Sala del Tribunale di Palazzo Dogana gremita per ascoltare le ragioni del “no” al referendum del 4 dicembre, esposte dal prof. Ugo De Siervo, presidente emerito della Corte Costituzionale. La manifestazione è stata organizzata dal Comitato provinciale per il “no”.
I lavori sono stati introdotti dall’on. Michele Galante, promotore del comitato: “il premier Renzi sta dando una interpretazione caricaturale alla campagna elettorale. Chi è per il sì è buono e riformista, chi sostiene il no è cattivo e conservatore. È la conseguenza del percorso della riforma costituzionale, che ha privilegiato il correre rispetto al riflettere. La Costituzione deve unire il Paese e non dividerlo. Questa riforma è invece fortemente divisiva. È stato tradito lo spirito della Costituzione, che è quello di essere la casa comune di tutti gli italiani.”
Il prof. De Siervo ha esordito ricordando le diverse riforme costituzionali che il paese ha vissuto.
“L’Italia ha cambiato molte volte, 36 in tutto, la Costituzione o le leggi costituzionali. Lo ha fatto seguendo le regole sancite dalla costituzione stessa, approvata dal novanta per cento dell’assemblea costituente, ovvero affidandosi a percorsi politici orientati ad ottenere il consenso più ampio. Solo in tre casi le modifiche non sono state approvate dalla maggioranza dei due terzi. La riforma del 2001, che ha rivisto i rapporti tra Stato e regioni. Poi quella di Berlusconi, bocciata poi dal referendum del 2006. E infine. quella attuale.”
Secondo il prof. De Siervo non è vero che la riforma su cui il popolo italiano sarà chiamato a votare il 4 dicembre riguarda norme solo organizzative: “le modifiche chiamano in causa i valori fondanti della Costituzione. Per citare soltanto due esempi: una cosa è se il paesaggio o il sistema sanitario vengono gestiti da enti vicini al cittadino, ben altra se a farlo è lo Stato.”
“Il bicameralismo – ha proseguito il relatore – va rivisto e razionalizzato, ma non è vero che è la causa della lentezza del procedimento legislativo. “
In proposito, il presidente emerito della corte costituzionale ha ricordato che “la legge sul finanziamento pubblico ai partiti venne approvata da entrambi i rami del parlamento in soli tre giorni”.
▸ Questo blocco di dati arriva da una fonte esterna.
(* Let $\mathbb X$ be a basic space and $\mathcal D=(D,<,\rho)$ a computable partially ordered set. 1. Every partial function $F:\mathbb X\to D$ in $\mathrm{Max}_{\mathrm{PR}}[\mathbb X\to\mathcal D]\cap\mathrm{Min}_{\mathrm{PR}}[\mathbb X\to\mathcal D]$ is the restriction of a partial computable function $\mathbb X\to D$ to some $\Sigma^0_1\wedge\Pi^0_1$ subset of $\mathbb X$. In particular, every total function in $\mathrm{Max}_{\mathrm{PR}}[\mathbb X\to\mathcal D]\cap\mathrm{Min}_{\mathrm{PR}}[\mathbb X\to\mathcal D]$ is computable. 2. If $D$ has no maximal (resp. no minimal) element, then the restriction of any partial computable function $\mathbb X\to D$ to any $\Sigma^0_1\wedge\Pi^0_1$ subset of $\mathbb X$ is in $\mathrm{Max}_{\mathrm{PR}}[\mathbb X\to\mathcal D]$ (resp. $\mathrm{Min}_{\mathrm{PR}}[\mathbb X\to\mathcal D]$). 3. If $D$ has neither maximal nor minimal elements, then $\mathrm{Max}_{\mathrm{PR}}[\mathbb X\to\mathcal D]\cap\mathrm{Min}_{\mathrm{PR}}[\mathbb X\to\mathcal D]$ is exactly the family of restrictions of partial computable functions $\mathbb X\to D$ to $\Sigma^0_1\wedge\Pi^0_1$ subsets of $\mathbb X$.
   Context: A basic space is a finite non-empty product of sets each of which is $\mathbb N$, $\mathbb Z$, or $A^*$ for some finite alphabet $A$. A computable partially ordered set is a triple $\mathcal D=(D,<,\rho)$ where $\rho:\mathbb N\to D$ is a bijection and $<$ is a strict partial order on $D$ with $\{(m,n):\rho(m)<\rho(n)\}$ computable; a partial function into $D$ is partial computable if its composition with $\rho^{-1}$ is. For a partial $f:\mathbb X\times\mathbb N\to D$ monotone increasing (resp. decreasing) in its second argument on its domain, $\max^{\mathcal D}f$ (resp. $\min^{\mathcal D}f$) is the partial function defined exactly at those $x$ for which $\{f(x,t):t\in\mathbb N,\ f(x,t)\text{ defined}\}$ is finite and non-empty, with value its maximum (resp. minimum) element. $\mathrm{Max}_{\mathrm{PR}}[\mathbb X\to\mathcal D]$ (resp. $\mathrm{Min}_{\mathrm{PR}}[\mathbb X\to\mathcal D]$) is the class of all $\max^{\mathcal D}f$ with $f$ partial computable and increasing in its second argument (resp. all $\min^{\mathcal D}f$ with $f$ partial computable and decreasing in its second argument). A set $Z\subseteq\mathbb X$ is $\Sigma^0_1\wedge\Pi^0_1$ if $Z=\{x:\exists t\,R(x,t)\wedge\forall t\,S(x,t)\}$ for computable $R,S\subseteq\mathbb X\times\mathbb N$. The restriction of a partial function $G$ to $Z$ is the partial function with domain $\mathrm{dom}(G)\cap Z$ agreeing with $G$ there. *)

theory Defs
  imports Main "HOL-Library.Nat_Bijection"
begin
Le critiche del prof. De Siervo si sono rivolte anche a diversi aspetti tecnici. “Abolire il senato non sarebbe stato una tragedia. Invece si è preferita una soluzione pasticciata, e perciò pericolosa. La legge modifica il bicameralismo con pesanti scivolate. Non vengono indicati i criteri di elezione del senatori con il rischio di produrre una assemblea opinabile. Si ricorre, come già successo con le Province, ad un’elezione di secondo livello, il che è sempre pericoloso perché gli eletti vengono scelti dal sistema politico, senza alcun confronto con i cittadini.”
“Il Senato delle autonomie e dei territori – ha detto ancora il professore – dovrebbe bilanciare lo schiacciamento della Camera sugli interessi ministeriali. Potrebbe funzionare se al senato venissero attribuiti poteri veri. Ma non è così. Corriamo il rischio che diventi un Senato di dopolavoristi. Come si può approvare un bilancio dello Stato in 15 giorni riunendo si solo nei fine settimana? Il risparmio? Sarebbe bastato ridurre del venti per cento gli stipendi dei parlamentari.”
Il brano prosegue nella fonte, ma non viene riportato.